Vitamin A deficiency and the embryo
Soon after, in the 1930s, similar dietary deprivation studies were performed with a view to asking what happens to the embryo when vitamin A is removed. In fact vitamin deficiencies, and most dramatically deficiencies of vitamin A, were the first dietary means of producing congenital malformations of the embryo. Most of these experiments were done with farm animals and the first report of this type of experiment was that a litter of pigs were born with no eyes at all.2Subsequently it was shown that a wide range of embryonic defects were apparent in the vitamin A deficient embryos of sheep, cattle, rabbits, rats, and humans.3 These defects include the central nervous system (hydrocephalus, spina bifida), eyes (anophthalmia, microphthalmia), face (harelip, cleft palate), dentition, ear (accessory ears, otosclerosis) limb, urinogenital system (cryptorchidism, ectopic ovaries, pseudohermaphrotisism, renal defects), skin (subcutaneous cysts), lungs (hypoplasia), and heart (incomplete ventricular septation, spongy myocardium, aortic arch defects, aorticopulmonary septal defects, valvulus communis). Clearly, the developing embryo crucially requires vitamin A for the proper development of a whole range of its organ systems.

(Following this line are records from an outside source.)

(* Let $N\ge 2$ and $b_1,\dots,b_N\in\{0,1\}$ with $b_N=1$ and $\sum_{j=1}^N b_j 2^{N-j}>1$. Let $s_b$ be the largest real root of $P_b(x)=x^N-\sum_{j=1}^N b_jx^{N-j}$. Then $s_b$ is an algebraic integer of degree greater than $1$. *)

theory Defs
  imports Complex_Main "HOL-Computational_Algebra.Polynomial"
begin

definition algebraic_int :: "'a :: field_char_0 \<Rightarrow> bool" where
  "algebraic_int x \<longleftrightarrow> (\<exists>p :: int poly. lead_coeff p = 1 \<and> poly (map_poly of_int p) x = 0)"

definition alg_degree :: "'a :: field_char_0 \<Rightarrow> nat" where
  "alg_degree x = (LEAST n. \<exists>p :: rat poly. p \<noteq> 0 \<and> degree p = n \<and> poly (map_poly of_rat p) x = 0)"

definition Pb :: "nat \<Rightarrow> (nat \<Rightarrow> nat) \<Rightarrow> real poly" where
  "Pb N b = monom 1 N - (\<Sum>j = 1..N. monom (real (b j)) (N - j))"

end

theory Submission
  imports Defs
begin

text \<open>
  \<open>P\<^sub>b\<close> is monic with integer coefficients, so \<open>s\<^sub>b\<close> is an algebraic integer, and
  \<open>P\<^sub>b(0) = -1 < 0 < P\<^sub>b(2)\<close> shows \<open>s\<^sub>b > 0\<close>. If \<open>s\<^sub>b\<close> were rational, it would be a
  rational algebraic integer, hence a positive integer dividing the constant coefficient \<open>-1\<close>,
  i.e. \<open>s\<^sub>b = 1\<close>. But \<open>P\<^sub>b(1) = 0\<close> forces \<open>b\<^sub>j = 0\<close> for \<open>j < N\<close>, so the binary number
  \<open>b\<^sub>1\<dots>b\<^sub>N\<close> would be \<open>1\<close>. An irrational number has no rational minimal polynomial of degree
  \<open>\<le> 1\<close>.
\<close>

lemma root_dvd_coeff_0:
  fixes p :: "'a :: comm_ring_1 poly"
  assumes "poly p x = 0" shows "x dvd coeff p 0"
proof (cases p)
  case (pCons a q)
  then have "a = - (x * poly q x)" using assms by (simp add: eq_neg_iff_add_eq_0)
  then show ?thesis using pCons by simp
qed

lemma poly_map_poly_of_int: "poly (map_poly of_int p) (of_int x) = of_int (poly p x)"
  by (induction p) (simp_all add: map_poly_pCons)

lemma rat_poly_root_in_Rats:
  fixes x :: "'a :: field_char_0"
  assumes "p \<noteq> 0" "degree p \<le> 1" "poly (map_poly of_rat p) x = 0"
  shows "x \<in> \<rat>"
proof -
  have p: "p = [:coeff p 0, coeff p 1:]"
    using assms(2) by (intro poly_eqI) (auto simp: coeff_pCons coeff_eq_0 split: nat.split)
  define a b where "a = coeff p 0" and "b = coeff p 1"
  have "map_poly of_rat p = ([:of_rat a, of_rat b:] :: 'a poly)"
    unfolding a_def b_def by (subst p) (simp add: map_poly_pCons)
  then have "of_rat a + x * of_rat b = 0"
    using assms(3) by simp
  moreover have "b \<noteq> 0"
    using assms(1) p calculation by (auto simp: b_def a_def)
  ultimately have "x = - of_rat a / of_rat b"
    by (simp add: field_simps eq_neg_iff_add_eq_0 add.commute)
  then show ?thesis by simp
qed

lemma alg_degree_gt_1_if_not_Rats:
  fixes x :: "'a :: field_char_0"
  assumes "p \<noteq> 0" "poly (map_poly of_rat p) x = 0" "x \<notin> \<rat>"
  shows "alg_degree x > 1"
proof -
  have "\<exists>q :: rat poly. q \<noteq> 0 \<and> degree q = alg_degree x \<and> poly (map_poly of_rat q) x = 0"
    unfolding alg_degree_def by (rule LeastI[of _ "degree p"]) (use assms(1,2) in blast)
  then show ?thesis using rat_poly_root_in_Rats assms(3) by (metis not_less)
qed

lemma algebraic_int_iff_Polynomial_algebraic_int:
  "algebraic_int x \<longleftrightarrow> Polynomial.algebraic_int x"
  unfolding algebraic_int_def algebraic_int_altdef_ipoly by blast

lemma binary_value_less:
  assumes "\<forall>j\<in>{1..N}. b j \<in> {0, 1}"
  shows "(\<Sum>j = 1..N. b j * 2 ^ (N - j)) < (2::nat) ^ N"
  using assms
proof (induction N)
  case 0 then show ?case by simp
next
  case (Suc N)
  have IH: "(\<Sum>j = 1..N. b j * 2 ^ (N - j)) < 2 ^ N" using Suc by simp
  have "b (Suc N) \<le> 1" using Suc.prems[rule_format, of "Suc N"] by auto
  moreover have "(\<Sum>j = 1..Suc N. b j * 2 ^ (Suc N - j)) = 2 * (\<Sum>j = 1..N. b j * 2 ^ (N - j)) + b (Suc N)"
    by (simp add: sum_distrib_left Suc_diff_le mult.left_commute)
  ultimately show ?case using IH by simp
qed

definition int_Pb :: "nat \<Rightarrow> (nat \<Rightarrow> nat) \<Rightarrow> int poly" where
  "int_Pb N b = monom 1 N - (\<Sum>j = 1..N. monom (int (b j)) (N - j))"

lemma coeff_int_Pb:
  "coeff (int_Pb N b) n = (if N = n then 1 else 0) - (\<Sum>j = 1..N. if N - j = n then int (b j) else 0)"
  by (simp add: int_Pb_def coeff_sum)

lemma poly_int_Pb: "poly (int_Pb N b) x = x ^ N - (\<Sum>j = 1..N. int (b j) * x ^ (N - j))"
  by (simp add: int_Pb_def poly_monom poly_sum)

lemma Pb_eq_of_int_poly: "Pb N b = map_poly of_int (int_Pb N b)"
  by (rule poly_eqI) (simp add: Pb_def coeff_map_poly coeff_int_Pb coeff_sum of_int_sum if_distrib cong: if_cong)

lemma lead_coeff_int_Pb:
  assumes "N \<ge> 1" shows "lead_coeff (int_Pb N b) = 1"
proof -
  have coeff_N: "coeff (int_Pb N b) N = 1"
    using assms by (auto simp: coeff_int_Pb intro!: sum.neutral)
  have "degree (int_Pb N b) \<le> N"
    by (rule degree_le) (auto simp: coeff_int_Pb intro!: sum.neutral)
  moreover have "N \<le> degree (int_Pb N b)"
    by (rule le_degree) (simp add: coeff_N)
  ultimately show ?thesis using coeff_N by simp
qed

lemma coeff_0_int_Pb:
  assumes "N \<ge> 1" shows "coeff (int_Pb N b) 0 = - int (b N)"
proof -
  have "(\<Sum>j = 1..N. if N - j = 0 then int (b j) else 0) = (\<Sum>j \<in> {N}. int (b j))"
    using assms by (intro sum.mono_neutral_cong_right) auto
  then show ?thesis using assms by (simp add: coeff_int_Pb)
qed

lemma Pb_has_positive_root:
  assumes "N \<ge> 1" "\<forall>j\<in>{1..N}. b j \<in> {0, 1}" "b N = 1"
  obtains r :: real where "r > 0" "poly (Pb N b) r = 0"
proof -
  have "poly (Pb N b) 0 = -1"
    using assms by (simp add: poly_0_coeff_0 Pb_eq_of_int_poly coeff_map_poly coeff_0_int_Pb)
  moreover have "poly (Pb N b) 2 > 0"
  proof -
    have "poly (Pb N b) 2 = real (2 ^ N) - real (\<Sum>j = 1..N. b j * 2 ^ (N - j))"
      by (simp add: Pb_def poly_monom poly_sum)
    then show ?thesis using binary_value_less[OF assms(2)] by linarith
  qed
  ultimately show ?thesis using poly_IVT_pos[of 0 2 "Pb N b"] that by auto
qed

lemma int_Pb_positive_root_eq_1:
  fixes m :: int
  assumes "N \<ge> 1" "b N = 1" "m > 0" "poly (int_Pb N b) m = 0"
  shows "m = 1"
  using root_dvd_coeff_0[OF assms(4)] assms(1-3) by (simp add: coeff_0_int_Pb)

lemma binary_value_eq_1_if_root_1:
  assumes "N \<ge> 1" "b N = 1" "poly (int_Pb N b) 1 = 0"
  shows "(\<Sum>j = 1..N. b j * 2 ^ (N - j)) = 1"
proof -
  have "b N + (\<Sum>j = 1..<N. b j) = 1"
    using assms(1,3) by (simp add: poly_int_Pb sum.last_plus flip: of_nat_sum)
  then have "\<forall>j \<in> {1..<N}. b j = 0" using assms(2) by simp
  then show ?thesis using assms(1,2) by (simp add: sum.last_plus)
qed

lemma algebraic_int_Pb_root:
  assumes "N \<ge> 1" "poly (Pb N b) x = 0"
  shows "algebraic_int x"
  unfolding algebraic_int_def using lead_coeff_int_Pb[OF assms(1)] assms(2)
  by (auto simp: Pb_eq_of_int_poly)

lemma alg_degree_Pb_root_gt_1:
  assumes "N \<ge> 1" "poly (Pb N b) x = 0" "x \<notin> \<rat>"
  shows "alg_degree x > 1"
proof (rule alg_degree_gt_1_if_not_Rats)
  show "map_poly of_int (int_Pb N b) \<noteq> (0 :: rat poly)"
    using lead_coeff_int_Pb[OF assms(1), of b] by (auto simp: map_poly_eq_0_iff)
  show "poly (map_poly of_rat (map_poly of_int (int_Pb N b))) x = 0"
    using assms(2) by (simp add: Pb_eq_of_int_poly map_poly_map_poly o_def)
qed (fact assms(3))

lemma Pb_positive_root_not_Rats:
  assumes "N \<ge> 1" "b N = 1" "(\<Sum>j = 1..N. b j * 2 ^ (N - j)) > 1"
    and "x > 0" "poly (Pb N b) x = 0"
  shows "x \<notin> \<rat>"
proof
  assume "x \<in> \<rat>"
  moreover have "Polynomial.algebraic_int x"
    using algebraic_int_Pb_root assms(1,5) algebraic_int_iff_Polynomial_algebraic_int by blast
  ultimately obtain m where m: "x = of_int m"
    by (metis rational_algebraic_int_is_int Ints_cases)
  have "poly (int_Pb N b) m = 0"
    using assms(5) by (simp add: m Pb_eq_of_int_poly poly_map_poly_of_int)
  moreover from this have "m = 1"
    using int_Pb_positive_root_eq_1 assms(1,2,4) m by simp
  ultimately show False
    using binary_value_eq_1_if_root_1 assms(1-3) by simp
qed

theorem mainTheorem5:
  fixes N :: nat and b :: "nat \<Rightarrow> nat" and s :: real
  assumes "N \<ge> 2"
    and "\<forall>j\<in>{1..N}. b j \<in> {0, 1}"
    and "b N = 1"
    and "(\<Sum>j = 1..N. b j * 2 ^ (N - j)) > 1"
    and "poly (Pb N b) s = 0"
    and "\<forall>x. poly (Pb N b) x = 0 \<longrightarrow> x \<le> s"
  shows "algebraic_int s \<and> alg_degree s > 1"
proof
  have N: "N \<ge> 1" using assms(1) by simp
  show "algebraic_int s" using algebraic_int_Pb_root N assms(5) .
  obtain r where "r > 0" "poly (Pb N b) r = 0"
    using Pb_has_positive_root N assms(2,3) .
  then have "s > 0" using assms(6) by force
  then have "s \<notin> \<rat>" using Pb_positive_root_not_Rats N assms(3-5) by blast
  then show "alg_degree s > 1" using alg_degree_Pb_root_gt_1 N assms(5) by blast
qed

end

Vitamin A excess and the embryo
It was not long after these experiments that the opposite ones were done—feeding vitamin A metabolites, and retinoic acid in particular, in excess to pregnant mammals.4 This too produced a spectrum of abnormalities, which in many respects showed remarkable similarities to those generated by a lack of vitamin A. These defects include the central nervous system (hydrocephalus, anencephaly, exencephaly, spina bifida), eyes (anophthalmia, microphthalmia, defects of the retina), face (harelip, cleft palate, brachygnathia, hypoplastic maxilla), dentition, ear (absent or deformed), limb (phocomelia), urinogenital system (hypoplastic kidney, polycystic kidney, absent/hypoplastic genitalia), heart (incomplete ventricular septation, transposition of the great vessels, double aortic arch, hypoplastic aortic valves), thyroid gland (hypoplasia), and the axial skeleton (vertebral and rib fusions, extra vertebrae and ribs, hypoplastic tail). Several of these abnormalities have also been seen in humans due to the taking of Accutane (13-cis-retinoic acid) while inadvertently being pregnant.5
In the last 10 years these sorts of detailed analyses of abnormal embryos have been revisited for two reasons. The first is because we now have a range of anatomically specific molecular markers which we can use to find out precisely what has changed in embryos which are either vitamin A deficient or have been treated with excess vitamin A. The results of these experiments are very surprising and exciting. Secondly, we have learned a great deal about the molecular biology of how vitamin A is made and how it acts within cells, and the defects caused by vitamin A deprivation have now been recapitulated in mice made mutant for the retinoic acid receptors.
How does vitamin A work?
The parent molecule on which the actions of vitamin A are based is called retinol and the family of molecules derived from retinol is the retinoids. Vitamin A is stored as retinyl esters, mainly in the liver, but also in the lungs and bone marrow. Cells of the body that require retinol receive it from the bloodstream where it circulates bound to retinol binding protein. Inside the cell, retinol is converted firstly to retinal (the molecule used in the visual cycle) by alcohol or retinol dehydrogenases and then to retinoic acid by retinaldehyde dehydrogenases.6 Retinoic acid is further metabolised to supposedly inactive compounds by the action of a cytochrome P450 enzyme called CYP26. Retinoic acid is the biologically active metabolite of retinol because it acts at the level of the nucleus to activate specific retinoic acid responsive genes. This it does by binding to two classes of ligand activated transcription factors known as the retinoic acid receptors (RARs) and the retinoid X receptors (RXRs). There are three members of each class of receptor and these are known as α, β and γ, thus giving a RARα, RARβ, RARγ and RXRα, RXRβ, and RXRγ. In addition there are several isoforms of each of these genes which are generated by differential promoter usage.7 8 To act on a responsive gene one of the RARs heterodimerises with one of the RXRs (giving for example a RARα/RXRβ heterodimer) and this dimer binds to a specific sequence of base pairs in the upstream promoter region known as the retinoic acid response element (RARE) of the gene in question. In fact there are two forms of retinoic acid, all-trans-RA (tRA) and its isomer, 9-cis-RA and tRA binds to both the RARs and the RXRs whereas 9-cis-RA only binds to the RXRs.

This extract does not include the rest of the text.